**What you need to do**
Across the listing below, count the lines containing "qdepth". Give nothing but the number.

□ □ □ □

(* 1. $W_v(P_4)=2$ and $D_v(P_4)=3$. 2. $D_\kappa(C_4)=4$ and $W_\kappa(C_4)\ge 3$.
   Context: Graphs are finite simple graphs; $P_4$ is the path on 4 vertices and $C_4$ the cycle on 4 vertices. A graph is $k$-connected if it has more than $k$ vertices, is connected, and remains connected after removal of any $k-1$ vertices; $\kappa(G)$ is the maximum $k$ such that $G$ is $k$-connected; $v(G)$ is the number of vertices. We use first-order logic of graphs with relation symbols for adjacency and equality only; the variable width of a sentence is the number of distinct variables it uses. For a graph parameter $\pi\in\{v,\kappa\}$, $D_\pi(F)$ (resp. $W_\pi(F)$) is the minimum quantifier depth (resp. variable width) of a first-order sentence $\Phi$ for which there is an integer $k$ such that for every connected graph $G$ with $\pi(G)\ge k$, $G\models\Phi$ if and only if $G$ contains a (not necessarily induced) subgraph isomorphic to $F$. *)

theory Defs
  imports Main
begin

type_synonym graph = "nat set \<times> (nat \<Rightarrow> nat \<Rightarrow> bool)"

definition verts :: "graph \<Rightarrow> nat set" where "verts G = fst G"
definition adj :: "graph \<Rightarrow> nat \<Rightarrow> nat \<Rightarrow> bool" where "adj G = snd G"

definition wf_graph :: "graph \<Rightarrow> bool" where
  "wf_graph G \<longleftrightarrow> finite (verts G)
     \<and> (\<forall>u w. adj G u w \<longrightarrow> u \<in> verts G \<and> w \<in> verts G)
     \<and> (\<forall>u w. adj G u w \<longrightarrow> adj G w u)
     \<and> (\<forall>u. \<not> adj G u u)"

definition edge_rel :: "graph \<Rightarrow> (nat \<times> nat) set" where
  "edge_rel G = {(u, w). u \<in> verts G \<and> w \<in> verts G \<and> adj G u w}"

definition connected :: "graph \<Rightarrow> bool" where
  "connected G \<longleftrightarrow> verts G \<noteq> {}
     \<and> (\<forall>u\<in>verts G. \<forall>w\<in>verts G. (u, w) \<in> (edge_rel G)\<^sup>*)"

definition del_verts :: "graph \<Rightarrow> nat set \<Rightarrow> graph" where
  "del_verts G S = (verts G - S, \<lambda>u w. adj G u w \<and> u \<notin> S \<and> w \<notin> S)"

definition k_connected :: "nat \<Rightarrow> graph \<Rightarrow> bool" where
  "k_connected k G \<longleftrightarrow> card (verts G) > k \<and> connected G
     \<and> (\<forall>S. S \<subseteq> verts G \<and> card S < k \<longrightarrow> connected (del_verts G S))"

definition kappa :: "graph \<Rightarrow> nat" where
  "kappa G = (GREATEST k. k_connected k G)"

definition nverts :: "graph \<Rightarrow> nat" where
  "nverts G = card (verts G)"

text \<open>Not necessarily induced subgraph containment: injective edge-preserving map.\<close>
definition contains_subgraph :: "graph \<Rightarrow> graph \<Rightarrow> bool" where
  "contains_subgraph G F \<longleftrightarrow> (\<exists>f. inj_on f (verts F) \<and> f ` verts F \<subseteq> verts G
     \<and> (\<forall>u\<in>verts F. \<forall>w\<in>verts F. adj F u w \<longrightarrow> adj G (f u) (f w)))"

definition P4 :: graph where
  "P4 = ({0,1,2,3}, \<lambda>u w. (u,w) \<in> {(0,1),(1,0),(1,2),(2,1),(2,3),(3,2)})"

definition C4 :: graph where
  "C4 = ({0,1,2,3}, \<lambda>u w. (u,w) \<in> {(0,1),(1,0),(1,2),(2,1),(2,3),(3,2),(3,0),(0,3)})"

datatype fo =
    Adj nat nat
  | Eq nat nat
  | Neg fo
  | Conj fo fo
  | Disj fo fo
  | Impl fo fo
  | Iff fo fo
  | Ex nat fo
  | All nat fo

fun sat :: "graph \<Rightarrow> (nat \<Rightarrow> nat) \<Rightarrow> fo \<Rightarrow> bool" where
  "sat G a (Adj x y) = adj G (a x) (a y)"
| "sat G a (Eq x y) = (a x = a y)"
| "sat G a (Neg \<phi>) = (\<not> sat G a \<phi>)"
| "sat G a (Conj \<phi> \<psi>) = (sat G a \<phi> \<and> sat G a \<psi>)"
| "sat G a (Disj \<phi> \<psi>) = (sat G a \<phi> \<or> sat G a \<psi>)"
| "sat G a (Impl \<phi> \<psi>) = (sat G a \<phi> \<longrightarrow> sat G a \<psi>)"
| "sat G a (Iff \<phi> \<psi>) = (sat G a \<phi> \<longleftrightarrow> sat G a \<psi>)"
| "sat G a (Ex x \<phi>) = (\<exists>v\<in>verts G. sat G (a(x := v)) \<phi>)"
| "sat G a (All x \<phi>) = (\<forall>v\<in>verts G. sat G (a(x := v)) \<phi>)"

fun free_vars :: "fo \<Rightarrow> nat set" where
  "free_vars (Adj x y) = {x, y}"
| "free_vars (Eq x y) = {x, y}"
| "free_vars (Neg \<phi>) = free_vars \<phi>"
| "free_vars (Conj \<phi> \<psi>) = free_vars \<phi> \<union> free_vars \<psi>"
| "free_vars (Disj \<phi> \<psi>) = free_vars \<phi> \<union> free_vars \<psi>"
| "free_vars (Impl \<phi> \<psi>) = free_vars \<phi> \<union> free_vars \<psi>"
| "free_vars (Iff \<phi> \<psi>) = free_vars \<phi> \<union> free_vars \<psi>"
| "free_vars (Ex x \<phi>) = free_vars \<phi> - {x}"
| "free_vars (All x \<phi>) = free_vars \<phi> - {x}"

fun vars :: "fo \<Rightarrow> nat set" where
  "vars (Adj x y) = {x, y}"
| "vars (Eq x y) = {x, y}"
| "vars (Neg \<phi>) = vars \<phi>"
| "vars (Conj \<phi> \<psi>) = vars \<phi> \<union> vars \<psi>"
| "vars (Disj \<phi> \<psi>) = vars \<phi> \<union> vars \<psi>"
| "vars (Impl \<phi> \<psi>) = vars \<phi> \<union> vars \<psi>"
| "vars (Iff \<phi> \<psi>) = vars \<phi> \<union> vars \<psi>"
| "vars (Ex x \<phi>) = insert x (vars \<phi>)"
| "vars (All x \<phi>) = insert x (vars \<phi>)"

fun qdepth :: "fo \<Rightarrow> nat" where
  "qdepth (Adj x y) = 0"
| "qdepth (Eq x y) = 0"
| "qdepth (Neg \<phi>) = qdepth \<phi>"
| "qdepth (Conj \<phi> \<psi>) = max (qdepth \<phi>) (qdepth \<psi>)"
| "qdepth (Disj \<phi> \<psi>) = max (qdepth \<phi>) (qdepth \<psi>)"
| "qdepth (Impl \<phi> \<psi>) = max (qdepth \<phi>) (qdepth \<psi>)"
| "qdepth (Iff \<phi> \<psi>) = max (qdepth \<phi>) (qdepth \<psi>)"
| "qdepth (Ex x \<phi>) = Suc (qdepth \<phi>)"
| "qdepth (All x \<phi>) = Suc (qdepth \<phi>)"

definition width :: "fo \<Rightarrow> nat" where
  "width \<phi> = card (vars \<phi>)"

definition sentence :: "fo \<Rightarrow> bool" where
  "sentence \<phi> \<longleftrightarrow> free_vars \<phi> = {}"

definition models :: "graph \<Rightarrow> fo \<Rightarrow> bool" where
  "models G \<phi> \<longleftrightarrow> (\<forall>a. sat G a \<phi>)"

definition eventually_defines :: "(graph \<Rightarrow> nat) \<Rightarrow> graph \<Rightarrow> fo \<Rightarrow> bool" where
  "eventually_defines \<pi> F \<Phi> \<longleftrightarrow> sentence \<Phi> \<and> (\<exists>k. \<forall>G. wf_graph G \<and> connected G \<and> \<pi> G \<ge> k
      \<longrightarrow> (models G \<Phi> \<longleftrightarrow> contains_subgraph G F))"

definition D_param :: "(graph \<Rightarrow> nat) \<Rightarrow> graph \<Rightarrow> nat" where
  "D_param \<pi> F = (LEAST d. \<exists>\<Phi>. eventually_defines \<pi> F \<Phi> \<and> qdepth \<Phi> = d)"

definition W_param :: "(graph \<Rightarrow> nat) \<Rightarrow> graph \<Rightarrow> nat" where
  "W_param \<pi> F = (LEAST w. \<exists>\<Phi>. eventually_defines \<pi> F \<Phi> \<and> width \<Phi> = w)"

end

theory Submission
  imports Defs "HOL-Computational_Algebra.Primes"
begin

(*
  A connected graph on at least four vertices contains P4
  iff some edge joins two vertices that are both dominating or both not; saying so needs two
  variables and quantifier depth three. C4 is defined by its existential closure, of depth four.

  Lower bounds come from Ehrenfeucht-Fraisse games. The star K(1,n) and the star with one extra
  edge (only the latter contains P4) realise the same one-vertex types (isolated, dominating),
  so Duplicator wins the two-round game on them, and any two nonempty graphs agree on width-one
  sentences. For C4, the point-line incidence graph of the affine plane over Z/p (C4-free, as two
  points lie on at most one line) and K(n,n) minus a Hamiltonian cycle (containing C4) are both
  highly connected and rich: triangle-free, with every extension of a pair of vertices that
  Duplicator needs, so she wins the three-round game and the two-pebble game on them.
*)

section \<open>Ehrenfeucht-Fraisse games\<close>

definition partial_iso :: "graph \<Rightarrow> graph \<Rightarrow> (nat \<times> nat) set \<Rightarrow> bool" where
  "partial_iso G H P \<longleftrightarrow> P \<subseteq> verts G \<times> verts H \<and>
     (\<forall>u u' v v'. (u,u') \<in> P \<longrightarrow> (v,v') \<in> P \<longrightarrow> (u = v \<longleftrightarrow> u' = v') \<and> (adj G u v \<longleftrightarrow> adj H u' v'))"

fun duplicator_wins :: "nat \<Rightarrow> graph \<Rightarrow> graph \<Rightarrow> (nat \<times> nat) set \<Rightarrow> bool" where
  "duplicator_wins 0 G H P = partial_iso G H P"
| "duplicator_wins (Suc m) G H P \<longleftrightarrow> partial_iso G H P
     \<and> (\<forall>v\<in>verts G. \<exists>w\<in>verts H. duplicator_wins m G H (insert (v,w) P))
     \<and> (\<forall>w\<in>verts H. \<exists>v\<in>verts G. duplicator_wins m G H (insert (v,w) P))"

□ □ □ □

**Exercise solution**
11